## MATERIAL FOR THIS EXERCISE

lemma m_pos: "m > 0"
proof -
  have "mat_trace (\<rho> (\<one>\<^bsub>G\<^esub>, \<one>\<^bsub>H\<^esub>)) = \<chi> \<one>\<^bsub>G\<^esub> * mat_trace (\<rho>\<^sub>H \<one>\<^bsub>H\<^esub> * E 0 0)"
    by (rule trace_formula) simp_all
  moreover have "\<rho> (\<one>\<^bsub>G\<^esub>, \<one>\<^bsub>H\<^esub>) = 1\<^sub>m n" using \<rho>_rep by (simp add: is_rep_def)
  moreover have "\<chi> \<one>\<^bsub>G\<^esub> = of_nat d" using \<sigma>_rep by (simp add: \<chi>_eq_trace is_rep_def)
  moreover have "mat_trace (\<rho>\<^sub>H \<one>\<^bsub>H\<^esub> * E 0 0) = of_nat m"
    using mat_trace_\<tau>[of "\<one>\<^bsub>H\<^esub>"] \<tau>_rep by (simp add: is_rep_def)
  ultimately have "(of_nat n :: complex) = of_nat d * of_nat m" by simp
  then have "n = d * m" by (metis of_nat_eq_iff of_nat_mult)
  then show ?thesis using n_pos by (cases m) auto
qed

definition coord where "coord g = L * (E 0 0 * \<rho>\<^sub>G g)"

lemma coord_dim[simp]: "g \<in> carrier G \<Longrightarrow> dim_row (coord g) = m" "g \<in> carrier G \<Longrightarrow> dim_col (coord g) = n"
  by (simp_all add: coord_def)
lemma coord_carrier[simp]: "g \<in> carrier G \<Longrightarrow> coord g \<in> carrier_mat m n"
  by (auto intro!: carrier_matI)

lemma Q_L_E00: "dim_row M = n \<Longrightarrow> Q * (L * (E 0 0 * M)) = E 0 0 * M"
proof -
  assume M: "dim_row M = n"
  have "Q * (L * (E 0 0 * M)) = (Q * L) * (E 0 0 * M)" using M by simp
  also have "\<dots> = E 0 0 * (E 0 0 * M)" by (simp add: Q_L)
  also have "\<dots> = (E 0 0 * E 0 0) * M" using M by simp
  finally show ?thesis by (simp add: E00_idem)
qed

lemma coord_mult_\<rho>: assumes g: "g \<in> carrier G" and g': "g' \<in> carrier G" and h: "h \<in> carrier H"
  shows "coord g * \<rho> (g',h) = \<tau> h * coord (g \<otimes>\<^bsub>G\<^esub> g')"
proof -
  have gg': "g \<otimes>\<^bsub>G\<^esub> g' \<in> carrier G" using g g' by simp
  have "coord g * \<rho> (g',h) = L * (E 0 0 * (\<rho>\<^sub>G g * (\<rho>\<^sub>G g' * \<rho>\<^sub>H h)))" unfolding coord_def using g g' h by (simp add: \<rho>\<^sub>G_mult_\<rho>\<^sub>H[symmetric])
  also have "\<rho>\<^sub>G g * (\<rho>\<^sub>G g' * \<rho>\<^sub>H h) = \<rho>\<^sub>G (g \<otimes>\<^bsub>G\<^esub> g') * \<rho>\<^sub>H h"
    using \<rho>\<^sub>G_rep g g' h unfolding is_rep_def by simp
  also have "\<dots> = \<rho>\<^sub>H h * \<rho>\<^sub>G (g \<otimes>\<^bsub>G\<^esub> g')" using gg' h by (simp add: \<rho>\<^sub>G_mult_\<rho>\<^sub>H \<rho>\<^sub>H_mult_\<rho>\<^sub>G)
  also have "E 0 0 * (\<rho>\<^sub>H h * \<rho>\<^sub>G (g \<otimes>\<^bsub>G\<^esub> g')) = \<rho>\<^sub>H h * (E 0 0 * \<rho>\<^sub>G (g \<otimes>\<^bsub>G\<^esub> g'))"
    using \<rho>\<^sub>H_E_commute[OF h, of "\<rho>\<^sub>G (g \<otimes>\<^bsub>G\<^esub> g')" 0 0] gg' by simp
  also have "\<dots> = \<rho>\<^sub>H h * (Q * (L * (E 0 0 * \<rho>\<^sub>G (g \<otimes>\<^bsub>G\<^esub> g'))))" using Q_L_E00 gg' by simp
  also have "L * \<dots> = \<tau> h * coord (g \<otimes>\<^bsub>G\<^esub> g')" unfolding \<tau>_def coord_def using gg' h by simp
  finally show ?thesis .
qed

## EXERCISE
Where the line holding "(E 0 0 * M)) = (Q" appears in the listing above, start reproducing exactly, and end with the line holding "g g' by simp".

## RESULT OF THE EXERCISE
  have "Q * (L * (E 0 0 * M)) = (Q * L) * (E 0 0 * M)" using M by simp
  also have "\<dots> = E 0 0 * (E 0 0 * M)" by (simp add: Q_L)
  also have "\<dots> = (E 0 0 * E 0 0) * M" using M by simp
  finally show ?thesis by (simp add: E00_idem)
qed

lemma coord_mult_\<rho>: assumes g: "g \<in> carrier G" and g': "g' \<in> carrier G" and h: "h \<in> carrier H"
  shows "coord g * \<rho> (g',h) = \<tau> h * coord (g \<otimes>\<^bsub>G\<^esub> g')"
proof -
  have gg': "g \<otimes>\<^bsub>G\<^esub> g' \<in> carrier G" using g g' by simp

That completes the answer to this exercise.